*** Block opens ***
(* Let $\zeta<1$, $t>0$, real $\alpha,\mu$, and $w(x)=(1-\zeta\,\theta(x-t))(x-t)^{\alpha}x^{\mu}e^{-x}$ on $(0,\infty)$, with orthonormal polynomials $p_m(x)=\gamma_mx^m+\gamma_{m,1}x^{m-1}+\dots$ and recurrence coefficients $a_m,b_m$. With $\theta_m=b_m-2m-1-\alpha-\mu-t$ and $\kappa_m=(m+\frac{\mu}{2})t+a_m^2+\frac{\gamma_{m,1}}{\gamma_m}$, one has for $n\ge1$ $$\kappa_{n+1}+\kappa_n=-\theta_n(\theta_n+t+2n+\alpha+1+\mu),$$ $$\frac{\theta_n}{\theta_n+t}\cdot\frac{\theta_{n-1}}{\theta_{n-1}+t}=\frac{\kappa_n^2-\frac{\mu^2t^2}{4}}{\big(\kappa_n-(n+\alpha+\frac{\mu}{2})t\big)\big(\kappa_n-(n+\frac{\mu}{2})t\big)}.$$
   Context: $\theta$ is the Heaviside function ($\theta(y)=1$ for $y>0$, $0$ otherwise). The $p_m$ are orthonormal: $\int_0^\infty p_ip_jw\,dx=\delta_{ij}$, $\gamma_m>0$, and $a_{m+1}p_{m+1}=(x-b_m)p_m-a_mp_{m-1}$ with $a_m=\gamma_{m-1}/\gamma_m$. *)

theory Defs
  imports "HOL-Analysis.Analysis" "HOL-Computational_Algebra.Polynomial"
begin

definition heaviside :: "real \<Rightarrow> real" where
  "heaviside y = (if y > 0 then 1 else 0)"

definition wgt :: "real \<Rightarrow> real \<Rightarrow> real \<Rightarrow> real \<Rightarrow> real \<Rightarrow> real" where
  "wgt \<zeta> t \<alpha> \<mu> x =
     (1 - \<zeta> * heaviside (x - t)) * \<bar>x - t\<bar> powr \<alpha> * x powr \<mu> * exp (- x)"

definition orthonormal_system :: "(real \<Rightarrow> real) \<Rightarrow> (nat \<Rightarrow> real poly) \<Rightarrow> bool" where
  "orthonormal_system w p \<longleftrightarrow>
     (\<forall>m. degree (p m) = m \<and> lead_coeff (p m) > 0) \<and>
     (\<forall>i j. set_integrable lborel {0<..} (\<lambda>x. poly (p i) x * poly (p j) x * w x) \<and>
            (LINT x:{0<..}|lborel. poly (p i) x * poly (p j) x * w x) = (if i = j then 1 else 0))"

definition gam :: "(nat \<Rightarrow> real poly) \<Rightarrow> nat \<Rightarrow> real" where
  "gam p m = lead_coeff (p m)"

definition gam1 :: "(nat \<Rightarrow> real poly) \<Rightarrow> nat \<Rightarrow> real" where
  "gam1 p m = coeff (p m) (m - 1)"

definition acoef :: "(nat \<Rightarrow> real poly) \<Rightarrow> nat \<Rightarrow> real" where
  "acoef p m = gam p (m - 1) / gam p m"

definition bcoef :: "(real \<Rightarrow> real) \<Rightarrow> (nat \<Rightarrow> real poly) \<Rightarrow> nat \<Rightarrow> real" where
  "bcoef w p m = (LINT x:{0<..}|lborel. x * (poly (p m) x)^2 * w x)"

end

theory Submission
  imports Defs "HOL-Real_Asymp.Real_Asymp"
begin
(* For every probability distribution $G$ on $\Theta$ there exists a deterministic IC and IR mechanism $M^{\rm OPT}=(r^{\rm OPT},q^{\rm OPT},u^{\rm OPT})$ that is optimal for $G$ (i.e. $\mathrm{RS}_\alpha(M^{\rm OPT},G)\ge\mathrm{RS}_\alpha(M,G)$ for every IC and IR mechanism $M$), satisfies DD, and has a quantity floor: $q^{\rm OPT}(\theta)\ge\hat q$ whenever $q^{\rm OPT}(\theta)>0$.
   Context: Setting. Let $\Theta=[\underline\theta,\overline\theta]$ with $0<\underline\theta<\overline\theta$. Let $c>0$ and let $P:\mathbb R_+\to\mathbb R_+$ be continuous and strictly decreasing with $P(\overline q)=0$ for some $\overline q>0$. Put $V(q)=\int_0^q P(z)\,dz$ and $\mathrm{TS}(\theta,q)=V(q)-c-\theta q$ for $q>0$, $\mathrm{TS}(\theta,0)=0$. Assume (A2): $\mathrm{TS}(\overline\theta,P^{-1}(\overline\theta))>0$. A mechanism is a triple $M=(r,q,u)$ of functions $r:\Theta\to[0,1]$, $q:\Theta\to[0,\overline q]$, $u:\Theta\to\mathbb R$ with $q(\theta)=0$ if and only if $r(\theta)=0$. It is IC if $u(\theta)\ge u(\theta')+(\theta'-\theta)q(\theta')r(\theta')$ for all $\theta,\theta'\in\Theta$, and IR if $u(\theta)\ge 0$ for all $\theta$. (Known fact: $M$ is IC iff $\theta\mapsto q(\theta)r(\theta)$ is nonincreasing and $u(\theta)=u(\overline\theta)+\int_\theta^{\overline\theta}q(z)r(z)\,dz$ for all $\theta$; an IC mechanism is IR iff $u(\overline\theta)\ge0$.) A mechanism is deterministic if $r(\theta)\in\{0,1\}$ for all $\theta$. Fix $\alpha\in[0,1)$. The regulator's surplus at $\theta$ is $\mathrm{RS}_\alpha(\theta,M)=r(\theta)\,\mathrm{TS}(\theta,q(\theta))-(1-\alpha)u(\theta)$. For a probability distribution (CDF) $G$ on $\Theta$, $\mathrm{RS}_\alpha(M,G)=\int_\Theta \mathrm{RS}_\alpha(\theta,M)\,dG(\theta)$. The quantity floor $\hat q$ is the unique $q>0$ with $V(q)-qP(q)=c$. The efficient quantity is $q_e(\theta)=P^{-1}(\theta)$. A mechanism satisfies downward distortion (DD) if $q(\theta)\le q_e(\theta)$ for all $\theta$, with equality at $\theta=\underline\theta$. *)

theory Defs
  imports "HOL-Analysis.Analysis" "HOL-Probability.Probability"
begin

definition V :: "(real \<Rightarrow> real) \<Rightarrow> real \<Rightarrow> real" where
  "V P q = integral {0..q} P"

definition TS :: "(real \<Rightarrow> real) \<Rightarrow> real \<Rightarrow> real \<Rightarrow> real \<Rightarrow> real" where
  "TS P c \<theta> q = (if q = 0 then 0 else V P q - c - \<theta> * q)"

definition q_eff :: "(real \<Rightarrow> real) \<Rightarrow> real \<Rightarrow> real" where
  "q_eff P \<theta> = (THE q. 0 \<le> q \<and> P q = \<theta>)"

definition q_hat :: "(real \<Rightarrow> real) \<Rightarrow> real \<Rightarrow> real" where
  "q_hat P c = (THE q. 0 < q \<and> V P q - q * P q = c)"
lemma convex_on_gradient_inequality:
  fixes f :: "'a::real_inner \<Rightarrow> real"
  assumes grad: "\<And>y. (f has_derivative (\<lambda>h. g y \<bullet> h)) (at y)"
    and convex: "convex_on UNIV f"
  shows "f x + g x \<bullet> (y - x) \<le> f y"
proof -
  define \<psi> where "\<psi> = (\<lambda>t. f (x + t *\<^sub>R (y - x)))"
  have "convex_on UNIV \<psi>"
  proof (rule convex_onI)
    fix t a b :: real
    assume "0 < t" "t < 1"
    moreover have "x + ((1 - t) * a + t * b) *\<^sub>R (y - x)
        = (1 - t) *\<^sub>R (x + a *\<^sub>R (y - x)) + t *\<^sub>R (x + b *\<^sub>R (y - x))"
      by (simp add: algebra_simps)
    ultimately show "\<psi> ((1 - t) *\<^sub>R a + t *\<^sub>R b) \<le> (1 - t) * \<psi> a + t * \<psi> b"
      using convex_onD[OF convex, of t "x + a *\<^sub>R (y - x)" "x + b *\<^sub>R (y - x)"]
      by (simp add: \<psi>_def)
  qed simp
  moreover have "(\<psi> has_real_derivative g x \<bullet> (y - x)) (at 0)"
    using has_real_derivative_along_line[OF grad, of x "y - x" 0] by (simp add: \<psi>_def)
  ultimately have "g x \<bullet> (y - x) * (1 - 0) \<le> \<psi> 1 - \<psi> 0"
    by (intro convex_on_imp_above_tangent) auto
  then show ?thesis
    by (simp add: \<psi>_def)
qed

lemma L_smooth_descent:
  fixes f :: "'a::euclidean_space \<Rightarrow> real"
  assumes grad: "\<And>y. (f has_derivative (\<lambda>h. g y \<bullet> h)) (at y)"
    and smooth: "L_smooth L g"
  shows "f y \<le> f x + g x \<bullet> (y - x) + L / 2 * (norm (y - x))\<^sup>2"
proof -
  define d where "d = y - x"
  define \<phi> where "\<phi> t = f (x + t *\<^sub>R d) - t * (g x \<bullet> d) - L / 2 * t\<^sup>2 * (norm d)\<^sup>2" for t
  have "\<phi> 1 \<le> \<phi> 0"
  proof (rule DERIV_nonpos_imp_nonincreasing[of 0 1 \<phi>])
    fix t :: real
    assume t: "0 \<le> t" "t \<le> 1"
    have "(\<phi> has_real_derivative (g (x + t *\<^sub>R d) - g x) \<bullet> d - L * t * (norm d)\<^sup>2) (at t)"
      unfolding \<phi>_def
      by (auto intro!: derivative_eq_intros has_real_derivative_along_line[OF grad]
          simp: inner_diff_left)
    moreover have "(g (x + t *\<^sub>R d) - g x) \<bullet> d \<le> L * t * (norm d)\<^sup>2"
    proof -
      have "(g (x + t *\<^sub>R d) - g x) \<bullet> d \<le> norm (g (x + t *\<^sub>R d) - g x) * norm d"
        by (rule norm_cauchy_schwarz)
      also have "\<dots> \<le> L * norm (t *\<^sub>R d) * norm d"
        using smooth[unfolded L_smooth_def, rule_format, of "x + t *\<^sub>R d" x]
        by (intro mult_right_mono) simp_all
      finally show ?thesis
        using t by (simp add: power2_eq_square mult.assoc)
    qed
    ultimately show "\<exists>y. (\<phi> has_real_derivative y) (at t) \<and> y \<le> 0"
      by force
  qed simp
  then show ?thesis
    by (simp add: \<phi>_def d_def)
qed

lemma L_smooth_convex_interpolation:
  fixes f :: "'a::euclidean_space \<Rightarrow> real"
  assumes grad: "\<And>y. (f has_derivative (\<lambda>h. g y \<bullet> h)) (at y)"
    and convex: "convex_on UNIV f" and smooth: "L_smooth L g" and "0 < L"
  shows "f x + g x \<bullet> (y - x) + (norm (g y - g x))\<^sup>2 / (2 * L) \<le> f y"
proof -
  define r where "r = g y - g x"
  define z where "z = y - (1 / L) *\<^sub>R r"
  have "f x + g x \<bullet> (z - x) \<le> f z"
    by (rule convex_on_gradient_inequality[OF grad convex])
  also have "f z \<le> f y + g y \<bullet> (z - y) + L / 2 * (norm (z - y))\<^sup>2"
    by (rule L_smooth_descent[OF grad smooth])
  also have "g y \<bullet> (z - y) = g x \<bullet> (z - y) - (norm r)\<^sup>2 / L"
    by (simp add: z_def r_def inner_diff_left power2_norm_eq_inner diff_divide_distrib)
  also have "L / 2 * (norm (z - y))\<^sup>2 = (norm r)\<^sup>2 / (2 * L)"
    using \<open>0 < L\<close> by (simp add: z_def field_simps power2_eq_square)
  finally show ?thesis
    by (simp add: r_def z_def inner_diff_right)
qed

lemma L_smooth_grad_norm_le_gap:
  fixes f :: "'a::euclidean_space \<Rightarrow> real"
  assumes grad: "\<And>y. (f has_derivative (\<lambda>h. g y \<bullet> h)) (at y)"
    and smooth: "L_smooth L g" and "0 < L" and min: "\<And>y. f x_min \<le> f y"
  shows "(norm (g x))\<^sup>2 \<le> 2 * L * (f x - f x_min)"
proof -
  have "f x_min \<le> f (x - (1 / L) *\<^sub>R g x)"
    by (rule min)
  also have "\<dots> \<le> f x + g x \<bullet> (- (1 / L) *\<^sub>R g x) + L / 2 * (norm (- (1 / L) *\<^sub>R g x))\<^sup>2"
    using L_smooth_descent[OF grad smooth, of "x - (1 / L) *\<^sub>R g x" x] by simp
  also have "\<dots> = f x - (norm (g x))\<^sup>2 / (2 * L)"
    using \<open>0 < L\<close> by (simp add: power2_norm_eq_inner[symmetric] field_simps power2_eq_square)
  finally show ?thesis
    using \<open>0 < L\<close> by (simp add: field_simps)
qed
*** Block closes ***
Instructions for the task: Your answer should consist of each line of the data above in which the word "forall" occurs.

Solution:
     (\<forall>m. degree (p m) = m \<and> lead_coeff (p m) > 0) \<and>
     (\<forall>i j. set_integrable lborel {0<..} (\<lambda>x. poly (p i) x * poly (p j) x * w x) \<and>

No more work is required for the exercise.